START Material shown

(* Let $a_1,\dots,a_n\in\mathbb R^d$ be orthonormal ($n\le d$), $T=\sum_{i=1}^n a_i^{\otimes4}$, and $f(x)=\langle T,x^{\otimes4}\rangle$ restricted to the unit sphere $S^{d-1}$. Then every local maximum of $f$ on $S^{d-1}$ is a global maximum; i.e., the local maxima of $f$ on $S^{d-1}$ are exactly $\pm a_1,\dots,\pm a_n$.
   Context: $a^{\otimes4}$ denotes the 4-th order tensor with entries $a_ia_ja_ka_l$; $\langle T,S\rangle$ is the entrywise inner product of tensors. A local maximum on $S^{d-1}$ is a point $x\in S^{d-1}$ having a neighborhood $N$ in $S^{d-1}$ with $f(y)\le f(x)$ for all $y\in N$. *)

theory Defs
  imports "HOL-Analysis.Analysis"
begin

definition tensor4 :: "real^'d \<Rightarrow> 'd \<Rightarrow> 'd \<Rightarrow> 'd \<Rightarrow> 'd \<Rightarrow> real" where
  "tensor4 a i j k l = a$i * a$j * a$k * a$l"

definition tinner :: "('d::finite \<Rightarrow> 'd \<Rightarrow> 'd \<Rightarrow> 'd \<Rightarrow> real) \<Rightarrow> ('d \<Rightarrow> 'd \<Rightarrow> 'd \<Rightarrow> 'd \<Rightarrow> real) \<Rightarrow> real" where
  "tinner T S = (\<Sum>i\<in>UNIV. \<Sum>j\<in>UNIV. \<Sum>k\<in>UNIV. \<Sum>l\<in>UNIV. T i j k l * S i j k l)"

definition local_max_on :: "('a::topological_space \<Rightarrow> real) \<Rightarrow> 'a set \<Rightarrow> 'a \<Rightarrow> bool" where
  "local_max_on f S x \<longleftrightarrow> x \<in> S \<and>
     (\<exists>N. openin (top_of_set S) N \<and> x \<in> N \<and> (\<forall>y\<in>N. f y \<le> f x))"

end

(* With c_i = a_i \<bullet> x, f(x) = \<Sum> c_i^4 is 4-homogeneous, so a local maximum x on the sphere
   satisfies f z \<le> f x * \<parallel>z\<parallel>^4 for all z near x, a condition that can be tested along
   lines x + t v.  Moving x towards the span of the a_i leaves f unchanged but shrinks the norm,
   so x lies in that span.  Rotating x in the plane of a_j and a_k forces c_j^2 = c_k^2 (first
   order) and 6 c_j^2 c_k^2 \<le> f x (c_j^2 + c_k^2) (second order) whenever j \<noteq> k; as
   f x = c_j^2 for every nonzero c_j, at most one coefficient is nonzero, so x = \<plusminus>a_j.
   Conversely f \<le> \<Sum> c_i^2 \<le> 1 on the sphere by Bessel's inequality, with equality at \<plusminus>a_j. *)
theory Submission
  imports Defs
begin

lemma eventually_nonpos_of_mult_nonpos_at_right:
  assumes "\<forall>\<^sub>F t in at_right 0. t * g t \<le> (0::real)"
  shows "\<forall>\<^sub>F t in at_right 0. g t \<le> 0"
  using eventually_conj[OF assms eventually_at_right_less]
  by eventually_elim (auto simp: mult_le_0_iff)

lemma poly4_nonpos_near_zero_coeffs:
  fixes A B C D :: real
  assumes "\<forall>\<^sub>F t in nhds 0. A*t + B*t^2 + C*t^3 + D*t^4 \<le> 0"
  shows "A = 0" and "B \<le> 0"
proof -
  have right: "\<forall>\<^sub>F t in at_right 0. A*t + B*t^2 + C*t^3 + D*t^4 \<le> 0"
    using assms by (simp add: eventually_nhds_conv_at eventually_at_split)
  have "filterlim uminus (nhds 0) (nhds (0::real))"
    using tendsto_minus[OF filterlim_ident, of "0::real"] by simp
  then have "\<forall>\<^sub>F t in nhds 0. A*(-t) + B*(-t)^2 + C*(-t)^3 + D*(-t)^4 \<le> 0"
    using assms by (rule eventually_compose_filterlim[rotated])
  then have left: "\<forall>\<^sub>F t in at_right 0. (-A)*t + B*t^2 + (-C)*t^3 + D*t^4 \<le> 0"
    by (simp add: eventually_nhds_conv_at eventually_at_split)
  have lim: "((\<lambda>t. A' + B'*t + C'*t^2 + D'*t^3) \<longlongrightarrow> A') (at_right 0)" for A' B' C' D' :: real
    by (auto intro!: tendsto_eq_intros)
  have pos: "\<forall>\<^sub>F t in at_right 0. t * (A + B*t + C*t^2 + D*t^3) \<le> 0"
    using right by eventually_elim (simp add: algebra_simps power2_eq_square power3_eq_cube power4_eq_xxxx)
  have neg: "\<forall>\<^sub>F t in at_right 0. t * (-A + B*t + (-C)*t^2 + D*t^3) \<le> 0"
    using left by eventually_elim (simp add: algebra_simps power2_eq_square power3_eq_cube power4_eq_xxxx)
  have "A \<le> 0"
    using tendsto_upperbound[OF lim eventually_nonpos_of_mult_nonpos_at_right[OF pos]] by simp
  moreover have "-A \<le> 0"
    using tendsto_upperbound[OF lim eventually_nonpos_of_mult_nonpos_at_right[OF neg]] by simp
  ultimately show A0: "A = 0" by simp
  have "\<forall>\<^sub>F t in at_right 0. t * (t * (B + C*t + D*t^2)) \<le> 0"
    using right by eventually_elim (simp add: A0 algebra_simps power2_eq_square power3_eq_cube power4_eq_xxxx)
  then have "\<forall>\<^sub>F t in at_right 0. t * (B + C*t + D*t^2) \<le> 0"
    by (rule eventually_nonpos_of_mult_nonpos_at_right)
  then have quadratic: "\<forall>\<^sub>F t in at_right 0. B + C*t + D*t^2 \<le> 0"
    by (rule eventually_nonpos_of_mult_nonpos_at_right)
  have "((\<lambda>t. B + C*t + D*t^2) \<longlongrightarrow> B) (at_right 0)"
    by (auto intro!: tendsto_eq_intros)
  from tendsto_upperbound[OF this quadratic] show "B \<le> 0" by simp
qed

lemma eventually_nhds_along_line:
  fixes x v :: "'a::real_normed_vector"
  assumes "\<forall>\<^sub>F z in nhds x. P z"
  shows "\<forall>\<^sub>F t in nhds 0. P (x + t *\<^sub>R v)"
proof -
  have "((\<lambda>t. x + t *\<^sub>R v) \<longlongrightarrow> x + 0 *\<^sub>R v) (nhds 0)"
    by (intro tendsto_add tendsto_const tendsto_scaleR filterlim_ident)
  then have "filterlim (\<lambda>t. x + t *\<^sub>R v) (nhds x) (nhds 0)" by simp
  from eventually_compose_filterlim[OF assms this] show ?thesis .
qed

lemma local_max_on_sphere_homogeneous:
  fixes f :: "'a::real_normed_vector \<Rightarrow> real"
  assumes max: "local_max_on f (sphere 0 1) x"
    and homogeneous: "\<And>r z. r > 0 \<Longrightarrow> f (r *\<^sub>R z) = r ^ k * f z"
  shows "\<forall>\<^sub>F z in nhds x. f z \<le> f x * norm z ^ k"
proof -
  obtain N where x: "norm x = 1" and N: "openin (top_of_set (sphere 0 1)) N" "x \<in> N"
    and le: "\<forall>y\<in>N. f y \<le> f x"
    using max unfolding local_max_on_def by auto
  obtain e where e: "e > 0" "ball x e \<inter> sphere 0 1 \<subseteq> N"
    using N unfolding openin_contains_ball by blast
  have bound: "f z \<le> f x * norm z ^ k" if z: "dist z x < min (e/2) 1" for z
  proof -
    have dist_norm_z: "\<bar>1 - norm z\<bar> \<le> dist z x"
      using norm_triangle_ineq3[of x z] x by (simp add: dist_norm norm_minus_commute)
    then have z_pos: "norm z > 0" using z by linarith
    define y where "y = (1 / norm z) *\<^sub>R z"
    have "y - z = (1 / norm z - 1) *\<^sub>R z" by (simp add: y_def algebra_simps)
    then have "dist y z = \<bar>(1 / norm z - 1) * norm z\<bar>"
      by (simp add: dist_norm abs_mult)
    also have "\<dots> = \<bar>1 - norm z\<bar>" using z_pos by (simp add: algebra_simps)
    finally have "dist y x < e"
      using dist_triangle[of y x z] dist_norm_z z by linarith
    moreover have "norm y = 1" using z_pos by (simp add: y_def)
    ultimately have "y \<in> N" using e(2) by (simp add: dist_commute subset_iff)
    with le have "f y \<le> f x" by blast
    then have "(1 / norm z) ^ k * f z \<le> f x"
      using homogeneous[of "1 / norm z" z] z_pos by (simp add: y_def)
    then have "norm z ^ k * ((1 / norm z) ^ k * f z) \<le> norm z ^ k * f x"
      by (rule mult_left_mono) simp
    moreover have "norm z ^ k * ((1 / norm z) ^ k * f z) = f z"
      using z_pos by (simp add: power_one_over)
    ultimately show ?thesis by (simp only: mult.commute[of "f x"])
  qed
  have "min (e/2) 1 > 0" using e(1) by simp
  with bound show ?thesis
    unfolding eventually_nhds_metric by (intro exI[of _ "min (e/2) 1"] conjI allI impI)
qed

END Material shown

Exercise directions = Return exactly what appears above, from the first line of the entries to the line with "x \<in> S \<and>", inclusive.

Output for this exercise =
(* Let $a_1,\dots,a_n\in\mathbb R^d$ be orthonormal ($n\le d$), $T=\sum_{i=1}^n a_i^{\otimes4}$, and $f(x)=\langle T,x^{\otimes4}\rangle$ restricted to the unit sphere $S^{d-1}$. Then every local maximum of $f$ on $S^{d-1}$ is a global maximum; i.e., the local maxima of $f$ on $S^{d-1}$ are exactly $\pm a_1,\dots,\pm a_n$.
   Context: $a^{\otimes4}$ denotes the 4-th order tensor with entries $a_ia_ja_ka_l$; $\langle T,S\rangle$ is the entrywise inner product of tensors. A local maximum on $S^{d-1}$ is a point $x\in S^{d-1}$ having a neighborhood $N$ in $S^{d-1}$ with $f(y)\le f(x)$ for all $y\in N$. *)

theory Defs
  imports "HOL-Analysis.Analysis"
begin

definition tensor4 :: "real^'d \<Rightarrow> 'd \<Rightarrow> 'd \<Rightarrow> 'd \<Rightarrow> 'd \<Rightarrow> real" where
  "tensor4 a i j k l = a$i * a$j * a$k * a$l"

definition tinner :: "('d::finite \<Rightarrow> 'd \<Rightarrow> 'd \<Rightarrow> 'd \<Rightarrow> real) \<Rightarrow> ('d \<Rightarrow> 'd \<Rightarrow> 'd \<Rightarrow> 'd \<Rightarrow> real) \<Rightarrow> real" where
  "tinner T S = (\<Sum>i\<in>UNIV. \<Sum>j\<in>UNIV. \<Sum>k\<in>UNIV. \<Sum>l\<in>UNIV. T i j k l * S i j k l)"

definition local_max_on :: "('a::topological_space \<Rightarrow> real) \<Rightarrow> 'a set \<Rightarrow> 'a \<Rightarrow> bool" where
  "local_max_on f S x \<longleftrightarrow> x \<in> S \<and>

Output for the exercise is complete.